## Problem details
Within these records, how many lines hold "which"? Give the number alone.

## Provided material
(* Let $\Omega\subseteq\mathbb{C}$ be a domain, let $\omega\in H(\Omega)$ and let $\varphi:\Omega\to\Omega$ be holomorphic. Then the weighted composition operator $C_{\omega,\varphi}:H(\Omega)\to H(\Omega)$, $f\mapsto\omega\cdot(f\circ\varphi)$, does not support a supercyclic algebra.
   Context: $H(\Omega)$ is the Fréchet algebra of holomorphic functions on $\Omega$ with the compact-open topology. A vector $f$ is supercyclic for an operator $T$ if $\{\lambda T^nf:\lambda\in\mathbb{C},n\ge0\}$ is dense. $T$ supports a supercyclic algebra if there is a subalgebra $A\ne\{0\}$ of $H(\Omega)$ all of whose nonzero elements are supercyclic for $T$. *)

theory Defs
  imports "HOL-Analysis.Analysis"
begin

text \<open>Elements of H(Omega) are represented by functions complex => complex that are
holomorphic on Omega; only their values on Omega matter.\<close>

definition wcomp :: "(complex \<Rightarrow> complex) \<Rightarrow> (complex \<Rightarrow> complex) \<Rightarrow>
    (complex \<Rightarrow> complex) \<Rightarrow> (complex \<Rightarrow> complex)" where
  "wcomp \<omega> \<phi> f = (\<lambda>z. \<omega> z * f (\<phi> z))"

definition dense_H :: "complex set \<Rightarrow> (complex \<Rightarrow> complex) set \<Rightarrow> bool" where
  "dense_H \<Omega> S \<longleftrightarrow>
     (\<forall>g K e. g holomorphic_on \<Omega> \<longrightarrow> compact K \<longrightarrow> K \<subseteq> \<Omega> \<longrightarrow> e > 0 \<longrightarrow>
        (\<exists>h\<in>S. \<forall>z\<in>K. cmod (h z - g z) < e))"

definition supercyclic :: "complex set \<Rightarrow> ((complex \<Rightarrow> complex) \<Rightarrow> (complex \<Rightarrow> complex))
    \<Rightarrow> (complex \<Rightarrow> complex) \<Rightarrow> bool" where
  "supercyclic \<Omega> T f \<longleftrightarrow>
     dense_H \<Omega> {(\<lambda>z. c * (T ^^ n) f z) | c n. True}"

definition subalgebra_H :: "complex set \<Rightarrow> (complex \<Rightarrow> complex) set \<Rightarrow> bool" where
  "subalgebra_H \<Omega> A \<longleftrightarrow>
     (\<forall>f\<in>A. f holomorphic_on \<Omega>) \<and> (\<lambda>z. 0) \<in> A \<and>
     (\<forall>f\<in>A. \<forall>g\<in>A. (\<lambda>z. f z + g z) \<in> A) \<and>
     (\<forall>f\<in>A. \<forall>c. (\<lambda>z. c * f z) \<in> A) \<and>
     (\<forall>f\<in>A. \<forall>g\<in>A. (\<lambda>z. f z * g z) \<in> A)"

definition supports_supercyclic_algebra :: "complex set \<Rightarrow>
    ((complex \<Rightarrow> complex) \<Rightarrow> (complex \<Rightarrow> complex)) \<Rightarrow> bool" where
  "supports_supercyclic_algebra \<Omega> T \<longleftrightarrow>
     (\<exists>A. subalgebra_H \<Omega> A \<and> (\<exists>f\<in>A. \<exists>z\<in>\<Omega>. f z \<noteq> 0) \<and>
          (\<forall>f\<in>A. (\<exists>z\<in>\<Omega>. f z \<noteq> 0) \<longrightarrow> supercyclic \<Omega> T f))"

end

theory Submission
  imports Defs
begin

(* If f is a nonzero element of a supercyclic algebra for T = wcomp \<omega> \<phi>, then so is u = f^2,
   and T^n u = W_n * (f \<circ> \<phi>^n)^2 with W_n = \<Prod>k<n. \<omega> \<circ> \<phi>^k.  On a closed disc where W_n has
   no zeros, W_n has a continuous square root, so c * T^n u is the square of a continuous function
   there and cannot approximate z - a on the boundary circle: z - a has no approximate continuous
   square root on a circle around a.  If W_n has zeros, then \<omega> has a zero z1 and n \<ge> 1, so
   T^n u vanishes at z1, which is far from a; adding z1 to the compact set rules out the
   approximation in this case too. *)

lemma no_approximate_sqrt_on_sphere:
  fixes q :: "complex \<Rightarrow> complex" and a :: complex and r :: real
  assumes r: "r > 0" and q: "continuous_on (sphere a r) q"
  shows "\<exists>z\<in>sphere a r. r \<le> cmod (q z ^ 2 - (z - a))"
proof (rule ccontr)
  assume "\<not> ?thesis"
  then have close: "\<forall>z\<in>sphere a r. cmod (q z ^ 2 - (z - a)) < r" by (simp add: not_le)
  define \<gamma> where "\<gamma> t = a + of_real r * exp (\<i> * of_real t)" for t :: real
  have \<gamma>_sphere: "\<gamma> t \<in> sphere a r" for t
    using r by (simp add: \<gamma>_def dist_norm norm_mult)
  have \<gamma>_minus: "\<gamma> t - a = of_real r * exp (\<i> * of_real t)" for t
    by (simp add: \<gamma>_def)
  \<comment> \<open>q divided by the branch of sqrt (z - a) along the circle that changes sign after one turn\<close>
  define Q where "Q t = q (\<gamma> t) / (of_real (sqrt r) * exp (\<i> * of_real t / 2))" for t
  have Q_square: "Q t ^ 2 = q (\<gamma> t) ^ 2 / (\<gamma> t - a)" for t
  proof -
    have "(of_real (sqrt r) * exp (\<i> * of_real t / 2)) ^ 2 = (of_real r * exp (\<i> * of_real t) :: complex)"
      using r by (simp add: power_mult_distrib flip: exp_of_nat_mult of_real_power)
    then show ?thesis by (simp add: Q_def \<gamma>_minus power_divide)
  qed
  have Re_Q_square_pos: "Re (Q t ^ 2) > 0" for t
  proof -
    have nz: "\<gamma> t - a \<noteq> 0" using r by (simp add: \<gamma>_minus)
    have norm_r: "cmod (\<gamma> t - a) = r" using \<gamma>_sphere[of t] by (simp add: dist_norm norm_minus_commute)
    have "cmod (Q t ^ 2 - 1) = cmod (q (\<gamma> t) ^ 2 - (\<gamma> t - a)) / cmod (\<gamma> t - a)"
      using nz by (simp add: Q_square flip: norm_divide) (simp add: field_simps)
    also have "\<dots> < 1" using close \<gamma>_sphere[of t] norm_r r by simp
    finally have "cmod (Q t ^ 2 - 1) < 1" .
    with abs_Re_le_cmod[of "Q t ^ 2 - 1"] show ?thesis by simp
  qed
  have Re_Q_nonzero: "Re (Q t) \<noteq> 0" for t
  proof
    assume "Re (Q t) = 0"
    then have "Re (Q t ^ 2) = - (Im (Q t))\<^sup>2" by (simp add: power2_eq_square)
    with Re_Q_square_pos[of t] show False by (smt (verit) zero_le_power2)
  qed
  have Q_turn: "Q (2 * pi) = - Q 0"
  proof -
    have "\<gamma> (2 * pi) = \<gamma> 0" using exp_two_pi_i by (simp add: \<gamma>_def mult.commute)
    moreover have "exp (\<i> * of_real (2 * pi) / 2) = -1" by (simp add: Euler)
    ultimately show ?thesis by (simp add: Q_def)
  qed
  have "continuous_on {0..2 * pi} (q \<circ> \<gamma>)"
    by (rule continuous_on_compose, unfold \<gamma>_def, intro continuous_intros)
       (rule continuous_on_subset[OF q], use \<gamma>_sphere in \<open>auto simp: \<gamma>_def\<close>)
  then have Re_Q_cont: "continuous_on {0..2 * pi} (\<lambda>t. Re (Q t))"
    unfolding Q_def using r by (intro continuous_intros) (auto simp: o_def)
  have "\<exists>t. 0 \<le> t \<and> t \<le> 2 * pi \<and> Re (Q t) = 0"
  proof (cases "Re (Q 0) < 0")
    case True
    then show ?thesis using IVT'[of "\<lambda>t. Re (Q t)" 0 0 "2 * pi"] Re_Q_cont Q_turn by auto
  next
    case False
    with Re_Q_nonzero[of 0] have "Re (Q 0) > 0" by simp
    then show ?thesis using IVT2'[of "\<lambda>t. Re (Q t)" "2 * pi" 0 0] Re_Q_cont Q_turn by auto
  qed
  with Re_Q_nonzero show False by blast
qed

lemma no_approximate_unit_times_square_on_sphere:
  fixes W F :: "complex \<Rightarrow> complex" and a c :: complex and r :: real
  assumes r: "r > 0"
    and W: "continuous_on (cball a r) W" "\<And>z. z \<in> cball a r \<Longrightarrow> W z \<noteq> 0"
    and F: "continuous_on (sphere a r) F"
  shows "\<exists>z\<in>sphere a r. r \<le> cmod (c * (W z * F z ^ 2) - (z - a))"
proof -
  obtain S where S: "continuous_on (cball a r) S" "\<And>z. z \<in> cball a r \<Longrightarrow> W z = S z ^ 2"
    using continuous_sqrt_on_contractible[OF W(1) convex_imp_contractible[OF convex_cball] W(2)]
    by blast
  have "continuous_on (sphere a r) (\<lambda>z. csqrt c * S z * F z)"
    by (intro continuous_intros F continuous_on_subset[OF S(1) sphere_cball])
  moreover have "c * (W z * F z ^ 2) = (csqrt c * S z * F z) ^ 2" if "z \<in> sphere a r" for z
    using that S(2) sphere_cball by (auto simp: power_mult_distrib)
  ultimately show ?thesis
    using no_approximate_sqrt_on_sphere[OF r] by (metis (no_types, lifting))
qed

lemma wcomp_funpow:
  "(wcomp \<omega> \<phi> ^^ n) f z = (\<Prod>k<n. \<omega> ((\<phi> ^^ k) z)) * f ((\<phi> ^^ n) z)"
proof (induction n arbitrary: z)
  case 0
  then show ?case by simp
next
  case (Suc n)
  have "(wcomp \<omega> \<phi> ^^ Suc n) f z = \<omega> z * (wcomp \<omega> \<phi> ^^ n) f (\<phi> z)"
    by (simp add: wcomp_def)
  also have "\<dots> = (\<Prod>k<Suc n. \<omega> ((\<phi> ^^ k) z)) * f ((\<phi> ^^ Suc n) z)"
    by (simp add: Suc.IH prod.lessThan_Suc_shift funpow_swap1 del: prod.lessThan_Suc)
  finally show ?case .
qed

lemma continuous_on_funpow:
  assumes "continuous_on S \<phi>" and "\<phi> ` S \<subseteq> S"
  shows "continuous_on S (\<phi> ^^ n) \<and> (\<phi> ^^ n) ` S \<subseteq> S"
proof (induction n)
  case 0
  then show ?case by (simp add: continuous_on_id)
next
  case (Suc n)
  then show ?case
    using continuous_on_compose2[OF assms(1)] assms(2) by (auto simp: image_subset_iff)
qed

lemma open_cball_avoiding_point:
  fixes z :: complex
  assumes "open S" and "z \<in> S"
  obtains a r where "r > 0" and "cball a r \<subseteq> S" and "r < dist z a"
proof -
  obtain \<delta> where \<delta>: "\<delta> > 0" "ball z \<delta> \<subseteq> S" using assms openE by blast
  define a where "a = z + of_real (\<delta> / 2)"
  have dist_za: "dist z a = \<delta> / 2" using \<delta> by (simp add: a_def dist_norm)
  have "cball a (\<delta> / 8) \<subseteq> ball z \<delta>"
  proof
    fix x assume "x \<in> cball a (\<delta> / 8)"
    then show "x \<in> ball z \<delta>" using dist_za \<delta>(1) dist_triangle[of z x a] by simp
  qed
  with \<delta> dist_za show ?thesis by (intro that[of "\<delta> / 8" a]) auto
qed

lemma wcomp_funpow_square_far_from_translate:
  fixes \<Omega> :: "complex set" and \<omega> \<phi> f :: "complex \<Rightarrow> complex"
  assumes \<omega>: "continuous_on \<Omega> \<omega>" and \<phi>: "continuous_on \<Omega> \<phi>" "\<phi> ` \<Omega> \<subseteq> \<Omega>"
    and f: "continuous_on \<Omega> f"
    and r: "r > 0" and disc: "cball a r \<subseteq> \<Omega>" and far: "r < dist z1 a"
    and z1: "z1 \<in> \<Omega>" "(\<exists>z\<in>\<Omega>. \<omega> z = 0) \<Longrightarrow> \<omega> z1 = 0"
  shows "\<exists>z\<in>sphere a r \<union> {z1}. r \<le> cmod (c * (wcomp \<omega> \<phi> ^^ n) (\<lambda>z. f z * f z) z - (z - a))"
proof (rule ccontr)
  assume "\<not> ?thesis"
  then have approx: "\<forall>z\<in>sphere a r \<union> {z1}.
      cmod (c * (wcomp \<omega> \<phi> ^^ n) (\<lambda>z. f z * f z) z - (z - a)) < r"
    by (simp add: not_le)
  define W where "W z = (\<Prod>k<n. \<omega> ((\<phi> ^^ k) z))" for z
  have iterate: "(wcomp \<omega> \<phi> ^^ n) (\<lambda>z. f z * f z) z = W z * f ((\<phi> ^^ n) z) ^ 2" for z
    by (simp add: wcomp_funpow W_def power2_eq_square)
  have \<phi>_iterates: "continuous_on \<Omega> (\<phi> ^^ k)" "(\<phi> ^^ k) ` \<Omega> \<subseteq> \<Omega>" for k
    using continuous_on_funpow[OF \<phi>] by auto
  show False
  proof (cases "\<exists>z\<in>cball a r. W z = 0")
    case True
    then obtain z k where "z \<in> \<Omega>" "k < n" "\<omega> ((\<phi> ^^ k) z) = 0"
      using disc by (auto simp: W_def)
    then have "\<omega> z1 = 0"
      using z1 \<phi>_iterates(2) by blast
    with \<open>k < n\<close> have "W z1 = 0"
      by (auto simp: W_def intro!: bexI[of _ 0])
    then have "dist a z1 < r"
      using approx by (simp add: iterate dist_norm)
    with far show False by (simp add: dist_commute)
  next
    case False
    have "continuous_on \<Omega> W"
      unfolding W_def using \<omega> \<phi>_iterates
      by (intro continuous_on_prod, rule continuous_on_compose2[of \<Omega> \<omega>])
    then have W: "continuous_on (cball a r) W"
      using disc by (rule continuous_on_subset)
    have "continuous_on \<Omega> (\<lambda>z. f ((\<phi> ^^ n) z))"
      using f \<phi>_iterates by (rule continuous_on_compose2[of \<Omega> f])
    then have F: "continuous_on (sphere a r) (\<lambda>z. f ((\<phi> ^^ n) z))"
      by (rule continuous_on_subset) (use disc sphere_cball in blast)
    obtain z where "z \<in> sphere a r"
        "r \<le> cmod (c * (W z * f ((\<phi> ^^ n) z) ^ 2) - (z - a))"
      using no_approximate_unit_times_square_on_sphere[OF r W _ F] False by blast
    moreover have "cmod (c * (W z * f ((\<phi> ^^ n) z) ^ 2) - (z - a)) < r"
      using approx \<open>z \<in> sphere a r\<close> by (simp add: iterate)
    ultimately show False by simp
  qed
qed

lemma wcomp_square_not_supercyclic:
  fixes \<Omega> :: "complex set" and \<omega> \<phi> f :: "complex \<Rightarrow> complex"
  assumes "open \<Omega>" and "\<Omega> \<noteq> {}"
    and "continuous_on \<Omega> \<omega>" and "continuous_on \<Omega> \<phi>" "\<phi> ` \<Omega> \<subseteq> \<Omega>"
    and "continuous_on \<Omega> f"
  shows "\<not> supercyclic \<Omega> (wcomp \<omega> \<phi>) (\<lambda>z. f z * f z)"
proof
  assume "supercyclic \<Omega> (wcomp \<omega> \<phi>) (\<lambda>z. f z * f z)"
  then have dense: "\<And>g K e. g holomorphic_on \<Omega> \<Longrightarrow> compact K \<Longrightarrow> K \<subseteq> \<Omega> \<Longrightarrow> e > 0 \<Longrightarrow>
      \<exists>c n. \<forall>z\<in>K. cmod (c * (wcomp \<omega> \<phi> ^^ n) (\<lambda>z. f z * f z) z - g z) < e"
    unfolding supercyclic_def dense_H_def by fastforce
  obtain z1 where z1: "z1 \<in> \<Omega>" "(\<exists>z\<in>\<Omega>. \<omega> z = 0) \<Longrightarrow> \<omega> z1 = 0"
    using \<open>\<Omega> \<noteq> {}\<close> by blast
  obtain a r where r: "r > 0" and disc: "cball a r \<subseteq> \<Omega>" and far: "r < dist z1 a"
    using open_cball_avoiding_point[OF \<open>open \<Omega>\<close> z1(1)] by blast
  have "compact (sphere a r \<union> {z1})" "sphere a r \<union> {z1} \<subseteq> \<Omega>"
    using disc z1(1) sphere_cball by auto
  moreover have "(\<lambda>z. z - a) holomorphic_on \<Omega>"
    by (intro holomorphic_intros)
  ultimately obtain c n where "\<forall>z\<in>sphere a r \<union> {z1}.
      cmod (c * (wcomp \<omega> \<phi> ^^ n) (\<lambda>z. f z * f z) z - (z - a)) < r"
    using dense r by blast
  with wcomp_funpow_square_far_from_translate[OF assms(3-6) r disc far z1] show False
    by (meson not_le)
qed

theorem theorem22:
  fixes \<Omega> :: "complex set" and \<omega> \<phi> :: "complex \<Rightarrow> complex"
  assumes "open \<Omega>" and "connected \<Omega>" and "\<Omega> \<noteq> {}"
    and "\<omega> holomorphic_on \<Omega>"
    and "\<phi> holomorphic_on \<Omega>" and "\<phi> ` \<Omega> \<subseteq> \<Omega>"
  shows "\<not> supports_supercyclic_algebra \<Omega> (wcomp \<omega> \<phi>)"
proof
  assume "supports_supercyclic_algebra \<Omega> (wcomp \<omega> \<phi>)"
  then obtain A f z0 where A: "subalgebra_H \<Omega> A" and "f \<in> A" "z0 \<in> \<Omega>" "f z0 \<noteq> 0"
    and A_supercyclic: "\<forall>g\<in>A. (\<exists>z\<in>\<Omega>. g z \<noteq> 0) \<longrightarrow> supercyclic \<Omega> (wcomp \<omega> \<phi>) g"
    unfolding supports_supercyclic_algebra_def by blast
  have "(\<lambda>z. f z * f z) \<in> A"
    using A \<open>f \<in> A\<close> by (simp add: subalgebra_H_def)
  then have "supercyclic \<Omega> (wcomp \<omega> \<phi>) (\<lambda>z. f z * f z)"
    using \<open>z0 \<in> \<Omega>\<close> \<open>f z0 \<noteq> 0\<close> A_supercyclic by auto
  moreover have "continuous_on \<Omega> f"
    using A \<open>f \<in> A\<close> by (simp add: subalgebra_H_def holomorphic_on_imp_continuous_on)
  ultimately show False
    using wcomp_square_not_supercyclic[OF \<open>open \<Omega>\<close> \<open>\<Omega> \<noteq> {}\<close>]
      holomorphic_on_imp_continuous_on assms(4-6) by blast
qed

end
==
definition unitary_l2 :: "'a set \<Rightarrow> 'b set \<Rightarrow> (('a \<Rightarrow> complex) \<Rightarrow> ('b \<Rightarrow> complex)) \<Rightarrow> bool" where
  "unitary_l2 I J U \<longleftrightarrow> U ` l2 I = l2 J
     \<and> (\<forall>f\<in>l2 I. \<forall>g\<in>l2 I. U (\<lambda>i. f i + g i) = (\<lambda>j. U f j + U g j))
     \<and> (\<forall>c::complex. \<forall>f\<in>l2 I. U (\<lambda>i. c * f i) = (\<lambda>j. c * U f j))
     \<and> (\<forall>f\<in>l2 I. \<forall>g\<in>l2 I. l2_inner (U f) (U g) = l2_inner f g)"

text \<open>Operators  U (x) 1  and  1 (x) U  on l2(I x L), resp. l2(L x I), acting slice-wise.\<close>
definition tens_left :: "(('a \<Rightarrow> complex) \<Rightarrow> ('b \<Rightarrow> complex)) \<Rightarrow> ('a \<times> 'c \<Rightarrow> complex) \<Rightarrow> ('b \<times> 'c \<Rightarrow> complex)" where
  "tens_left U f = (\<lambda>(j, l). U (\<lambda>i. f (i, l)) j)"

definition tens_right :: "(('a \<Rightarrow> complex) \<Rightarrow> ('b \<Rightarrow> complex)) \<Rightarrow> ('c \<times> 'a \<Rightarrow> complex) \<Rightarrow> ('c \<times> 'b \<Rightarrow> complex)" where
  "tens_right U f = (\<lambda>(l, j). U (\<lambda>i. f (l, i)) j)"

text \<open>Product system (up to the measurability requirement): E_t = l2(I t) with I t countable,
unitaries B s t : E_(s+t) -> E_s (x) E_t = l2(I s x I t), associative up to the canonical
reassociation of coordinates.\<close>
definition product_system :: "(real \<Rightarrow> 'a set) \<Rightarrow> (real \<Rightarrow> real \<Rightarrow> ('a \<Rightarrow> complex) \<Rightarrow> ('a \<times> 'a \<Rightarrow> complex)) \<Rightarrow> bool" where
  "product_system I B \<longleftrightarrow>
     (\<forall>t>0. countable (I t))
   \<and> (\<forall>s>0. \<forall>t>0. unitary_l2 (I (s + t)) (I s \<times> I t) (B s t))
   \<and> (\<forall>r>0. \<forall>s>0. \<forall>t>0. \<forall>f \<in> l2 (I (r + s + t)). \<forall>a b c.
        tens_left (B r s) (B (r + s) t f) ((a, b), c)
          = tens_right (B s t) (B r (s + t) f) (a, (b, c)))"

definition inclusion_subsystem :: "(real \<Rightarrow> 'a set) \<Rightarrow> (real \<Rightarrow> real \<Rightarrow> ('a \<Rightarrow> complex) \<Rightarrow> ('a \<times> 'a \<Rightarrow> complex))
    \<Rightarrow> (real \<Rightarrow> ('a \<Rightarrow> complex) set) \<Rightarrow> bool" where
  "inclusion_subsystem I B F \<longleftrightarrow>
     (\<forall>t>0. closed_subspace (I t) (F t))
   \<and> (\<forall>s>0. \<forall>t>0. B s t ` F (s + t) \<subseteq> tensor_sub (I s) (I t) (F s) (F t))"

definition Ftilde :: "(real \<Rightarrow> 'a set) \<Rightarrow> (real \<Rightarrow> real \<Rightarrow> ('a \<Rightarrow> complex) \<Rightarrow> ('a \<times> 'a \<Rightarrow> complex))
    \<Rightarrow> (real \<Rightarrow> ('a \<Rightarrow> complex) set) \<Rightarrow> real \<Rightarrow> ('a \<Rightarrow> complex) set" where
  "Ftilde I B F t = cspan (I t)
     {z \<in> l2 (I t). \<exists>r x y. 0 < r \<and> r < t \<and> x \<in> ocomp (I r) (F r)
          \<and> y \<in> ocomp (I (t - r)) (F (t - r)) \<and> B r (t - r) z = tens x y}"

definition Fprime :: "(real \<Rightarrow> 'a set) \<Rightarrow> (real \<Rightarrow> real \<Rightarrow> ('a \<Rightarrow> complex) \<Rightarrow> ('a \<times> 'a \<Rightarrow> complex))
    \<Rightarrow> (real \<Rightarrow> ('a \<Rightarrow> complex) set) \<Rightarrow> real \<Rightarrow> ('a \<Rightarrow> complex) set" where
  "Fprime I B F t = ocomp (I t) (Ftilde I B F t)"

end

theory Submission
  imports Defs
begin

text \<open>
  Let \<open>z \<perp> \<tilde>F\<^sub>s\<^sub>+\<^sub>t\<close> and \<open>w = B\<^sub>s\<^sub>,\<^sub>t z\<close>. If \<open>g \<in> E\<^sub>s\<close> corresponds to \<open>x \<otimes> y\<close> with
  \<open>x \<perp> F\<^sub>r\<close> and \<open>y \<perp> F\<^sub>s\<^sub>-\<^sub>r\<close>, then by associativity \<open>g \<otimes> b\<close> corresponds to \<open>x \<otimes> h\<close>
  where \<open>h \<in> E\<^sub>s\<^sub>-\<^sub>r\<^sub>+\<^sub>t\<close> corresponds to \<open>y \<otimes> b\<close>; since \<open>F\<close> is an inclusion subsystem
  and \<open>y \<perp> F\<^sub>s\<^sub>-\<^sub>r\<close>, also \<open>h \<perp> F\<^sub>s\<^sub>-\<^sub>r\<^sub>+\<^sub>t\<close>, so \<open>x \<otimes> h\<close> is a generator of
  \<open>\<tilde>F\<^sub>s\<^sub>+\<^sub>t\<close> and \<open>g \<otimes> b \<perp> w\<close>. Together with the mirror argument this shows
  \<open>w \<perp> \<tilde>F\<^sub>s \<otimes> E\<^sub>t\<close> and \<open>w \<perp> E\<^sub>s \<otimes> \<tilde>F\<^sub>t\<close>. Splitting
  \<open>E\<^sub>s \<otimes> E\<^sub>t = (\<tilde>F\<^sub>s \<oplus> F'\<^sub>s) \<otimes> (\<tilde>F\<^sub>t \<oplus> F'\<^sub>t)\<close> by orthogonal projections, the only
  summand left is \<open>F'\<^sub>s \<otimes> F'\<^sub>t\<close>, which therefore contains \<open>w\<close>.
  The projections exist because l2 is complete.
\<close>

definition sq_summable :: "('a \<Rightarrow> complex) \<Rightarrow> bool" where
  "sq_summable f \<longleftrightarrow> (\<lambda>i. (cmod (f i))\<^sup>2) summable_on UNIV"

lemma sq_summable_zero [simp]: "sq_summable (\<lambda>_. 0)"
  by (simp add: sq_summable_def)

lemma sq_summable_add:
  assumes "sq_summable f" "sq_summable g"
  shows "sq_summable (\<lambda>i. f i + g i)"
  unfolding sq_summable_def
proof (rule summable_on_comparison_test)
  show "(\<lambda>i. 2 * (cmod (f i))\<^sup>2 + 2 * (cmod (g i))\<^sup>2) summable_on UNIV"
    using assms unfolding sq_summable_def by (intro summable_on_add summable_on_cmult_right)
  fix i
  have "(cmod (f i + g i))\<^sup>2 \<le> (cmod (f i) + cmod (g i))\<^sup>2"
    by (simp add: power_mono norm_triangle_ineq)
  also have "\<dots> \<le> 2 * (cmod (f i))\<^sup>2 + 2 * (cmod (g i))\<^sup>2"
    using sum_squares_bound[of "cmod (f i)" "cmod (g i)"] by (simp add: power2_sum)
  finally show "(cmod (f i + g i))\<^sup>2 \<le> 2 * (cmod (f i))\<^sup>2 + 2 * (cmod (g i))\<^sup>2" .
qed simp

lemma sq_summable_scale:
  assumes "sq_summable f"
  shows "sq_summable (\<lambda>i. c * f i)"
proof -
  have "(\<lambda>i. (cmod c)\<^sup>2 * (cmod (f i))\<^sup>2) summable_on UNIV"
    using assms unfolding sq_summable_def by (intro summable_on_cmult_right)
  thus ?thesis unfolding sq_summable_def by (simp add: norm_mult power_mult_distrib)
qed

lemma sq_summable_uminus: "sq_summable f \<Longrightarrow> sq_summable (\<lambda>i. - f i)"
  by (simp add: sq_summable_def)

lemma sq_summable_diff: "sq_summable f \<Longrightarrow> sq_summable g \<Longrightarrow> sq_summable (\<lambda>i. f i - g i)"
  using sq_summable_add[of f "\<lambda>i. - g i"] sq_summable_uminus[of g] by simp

## Exercise result
2